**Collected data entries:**
theorem twfe_decomposition_continuous:
  fixes M :: "'a measure" and DY D :: "'a \<Rightarrow> real" and m f :: "real \<Rightarrow> real"
  assumes "prob_space M"
    and [measurable]: "DY \<in> borel_measurable M" "D \<in> borel_measurable M"
    and "integrable M (\<lambda>x. (DY x)\<^sup>2)" "integrable M (\<lambda>x. (D x)\<^sup>2)"
    and V_pos: "var_rv M D > 0"
    and cm: "is_cond_mean M DY D m"
    and "0 < dL" and p0_pos: "\<P>(x in M. D x = 0) > 0"
    and [measurable]: "f \<in> borel_measurable borel"
    and f: "set_integrable lborel {dL..dU} f" and f_pos: "\<forall>x\<in>{dL..dU}. f x > 0"
    and distr_D: "\<forall>A \<in> sets borel. \<P>(x in M. D x \<in> A) =
           \<P>(x in M. D x = 0) * indicator A 0 + (LBINT x:(A \<inter> {dL..dU}). f x)"
    and m_cont: "continuous_on {dL..dU} m"
  defines "p0 \<equiv> \<P>(x in M. D x = 0)"
    and "w1 \<equiv> \<lambda>l h. (h - l)\<^sup>2 * f h * f l / var_rv M D"
    and "w0 \<equiv> \<lambda>h. h\<^sup>2 * f h * \<P>(x in M. D x = 0) / var_rv M D"
  shows "beta_twfe M DY D =
            (LBINT l:{dL..dU}. LBINT h:{l..dU}. w1 l h * ((m h - m l) / (h - l)))
          + (LBINT h:{dL..dU}. w0 h * ((m h - m 0) / h))"
    and "\<forall>l\<in>{dL..dU}. \<forall>h\<in>{l..dU}. w1 l h \<ge> 0"
    and "\<forall>h\<in>{dL..dU}. w0 h \<ge> 0"
    and "(LBINT l:{dL..dU}. LBINT h:{l..dU}. w1 l h) + (LBINT h:{dL..dU}. w0 h) = 1"
    and "\<forall>l\<in>{dL..dU}. \<forall>h\<in>{dL..dU}. w1 l h =
           (h - l)\<^sup>2 * (f h + f l)\<^sup>2 * (f h / (f h + f l)) * (f l / (f h + f l)) / var_rv M D"
    and "\<forall>h\<in>{dL..dU}. w0 h =
           h\<^sup>2 * (f h + p0)\<^sup>2 * (f h / (f h + p0)) * (p0 / (f h + p0)) / var_rv M D"
proof -
  interpret prob_space M by fact
  define V where "V = var_rv M D"
  have [measurable]: "m \<in> borel_measurable borel"
    using cm by (simp add: is_cond_mean_def)
  note moment_cov = moment_cov_mixed_distribution[OF assms(3) _ _ \<open>0 < dL\<close> f _ distr_D]
  have f_nonneg: "\<forall>x\<in>{dL..dU}. f x \<ge> 0"
    using f_pos by (simp add: less_imp_le)
  have cov: "cov_rv M DY D = (LBINT l:{dL..dU}. LBINT h:{l..dU}. (h - l) * (m h - m l) * f h * f l)
      + p0 * (LBINT h:{dL..dU}. h * (m h - m 0) * f h)"
    using cov_rv_cond_mean[OF assms(1-5) cm] moment_cov[of m] f_nonneg m_cont
    by (simp add: p0_def)
  have var: "V = (LBINT l:{dL..dU}. LBINT h:{l..dU}. (h - l) * (h - l) * f h * f l)
      + p0 * (LBINT h:{dL..dU}. h * (h - 0) * f h)"
    unfolding V_def var_rv_eq_integrals[OF assms(3,5)] p0_def
    by (rule moment_cov) (use f_nonneg in \<open>simp_all add: continuous_on_id\<close>)
  (* Also valid for h = l and h = 0: there x / 0 = 0 makes both sides vanish. *)
  have w1_slope: "w1 l h * ((m h - m l) / (h - l)) = (h - l) * (m h - m l) * f h * f l / V" for l h
    by (cases "h = l") (simp_all add: w1_def V_def power2_eq_square)
  have w0_slope: "w0 h * ((m h - m 0) / h) = p0 * (h * (m h - m 0) * f h) / V" for h
    by (cases "h = 0") (simp_all add: w0_def p0_def V_def power2_eq_square)
  have w1_eq: "w1 l h = (h - l) * (h - l) * f h * f l / V" for l h
    by (simp add: w1_def V_def power2_eq_square)
  have w0_eq: "w0 h = p0 * (h * (h - 0) * f h) / V" for h
    by (simp add: w0_def p0_def V_def power2_eq_square mult_ac)
  show "beta_twfe M DY D =
            (LBINT l:{dL..dU}. LBINT h:{l..dU}. w1 l h * ((m h - m l) / (h - l)))
          + (LBINT h:{dL..dU}. w0 h * ((m h - m 0) / h))"
    unfolding beta_twfe_def cov V_def[symmetric] w1_slope w0_slope
    by (simp add: add_divide_distrib)
  have "(LBINT l:{dL..dU}. LBINT h:{l..dU}. w1 l h) + (LBINT h:{dL..dU}. w0 h) = V / V"
    by (simp only: w1_eq w0_eq set_integral_divide_zero set_integral_mult_right add_divide_distrib var)
  then show "(LBINT l:{dL..dU}. LBINT h:{l..dU}. w1 l h) + (LBINT h:{dL..dU}. w0 h) = 1"
    using V_pos by (simp add: V_def)
  show "\<forall>l\<in>{dL..dU}. \<forall>h\<in>{l..dU}. w1 l h \<ge> 0"
    using f_nonneg V_pos by (auto simp: w1_def)
  show "\<forall>h\<in>{dL..dU}. w0 h \<ge> 0"
    using f_nonneg V_pos p0_pos by (auto simp: w0_def)
  show "\<forall>l\<in>{dL..dU}. \<forall>h\<in>{dL..dU}. w1 l h =
      (h - l)\<^sup>2 * (f h + f l)\<^sup>2 * (f h / (f h + f l)) * (f l / (f h + f l)) / var_rv M D"
  proof (intro ballI)
    fix l h assume "l \<in> {dL..dU}" "h \<in> {dL..dU}"
    then have "f h + f l \<noteq> 0" using f_pos by (metis add_pos_pos less_irrefl)
    then show "w1 l h = (h - l)\<^sup>2 * (f h + f l)\<^sup>2 * (f h / (f h + f l)) * (f l / (f h + f l)) / var_rv M D"
      by (subst mult_shares_of_sum) (simp_all add: w1_def)
  qed
  show "\<forall>h\<in>{dL..dU}. w0 h =
      h\<^sup>2 * (f h + p0)\<^sup>2 * (f h / (f h + p0)) * (p0 / (f h + p0)) / var_rv M D"
  proof (intro ballI)
    fix h assume "h \<in> {dL..dU}"
    then have "f h + p0 \<noteq> 0" using f_pos p0_pos by (metis add_pos_pos less_irrefl p0_def)
    then show "w0 h = h\<^sup>2 * (f h + p0)\<^sup>2 * (f h / (f h + p0)) * (p0 / (f h + p0)) / var_rv M D"
      by (subst mult_shares_of_sum) (simp_all add: w0_def p0_def)
  qed
qed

**TASK TO CARRY OUT:** Starting with the line with "M (\<lambda>x. (DY" above and going on through the line with "using cm by (simp add: is_cond_mean_def)", transcribe every line exactly, both ends included, and add nothing.

**RESPONSE TO THIS EXERCISE:**
    and "integrable M (\<lambda>x. (DY x)\<^sup>2)" "integrable M (\<lambda>x. (D x)\<^sup>2)"
    and V_pos: "var_rv M D > 0"
    and cm: "is_cond_mean M DY D m"
    and "0 < dL" and p0_pos: "\<P>(x in M. D x = 0) > 0"
    and [measurable]: "f \<in> borel_measurable borel"
    and f: "set_integrable lborel {dL..dU} f" and f_pos: "\<forall>x\<in>{dL..dU}. f x > 0"
    and distr_D: "\<forall>A \<in> sets borel. \<P>(x in M. D x \<in> A) =
           \<P>(x in M. D x = 0) * indicator A 0 + (LBINT x:(A \<inter> {dL..dU}). f x)"
    and m_cont: "continuous_on {dL..dU} m"
  defines "p0 \<equiv> \<P>(x in M. D x = 0)"
    and "w1 \<equiv> \<lambda>l h. (h - l)\<^sup>2 * f h * f l / var_rv M D"
    and "w0 \<equiv> \<lambda>h. h\<^sup>2 * f h * \<P>(x in M. D x = 0) / var_rv M D"
  shows "beta_twfe M DY D =
            (LBINT l:{dL..dU}. LBINT h:{l..dU}. w1 l h * ((m h - m l) / (h - l)))
          + (LBINT h:{dL..dU}. w0 h * ((m h - m 0) / h))"
    and "\<forall>l\<in>{dL..dU}. \<forall>h\<in>{l..dU}. w1 l h \<ge> 0"
    and "\<forall>h\<in>{dL..dU}. w0 h \<ge> 0"
    and "(LBINT l:{dL..dU}. LBINT h:{l..dU}. w1 l h) + (LBINT h:{dL..dU}. w0 h) = 1"
    and "\<forall>l\<in>{dL..dU}. \<forall>h\<in>{dL..dU}. w1 l h =
           (h - l)\<^sup>2 * (f h + f l)\<^sup>2 * (f h / (f h + f l)) * (f l / (f h + f l)) / var_rv M D"
    and "\<forall>h\<in>{dL..dU}. w0 h =
           h\<^sup>2 * (f h + p0)\<^sup>2 * (f h / (f h + p0)) * (p0 / (f h + p0)) / var_rv M D"
proof -
  interpret prob_space M by fact
  define V where "V = var_rv M D"
  have [measurable]: "m \<in> borel_measurable borel"
    using cm by (simp add: is_cond_mean_def)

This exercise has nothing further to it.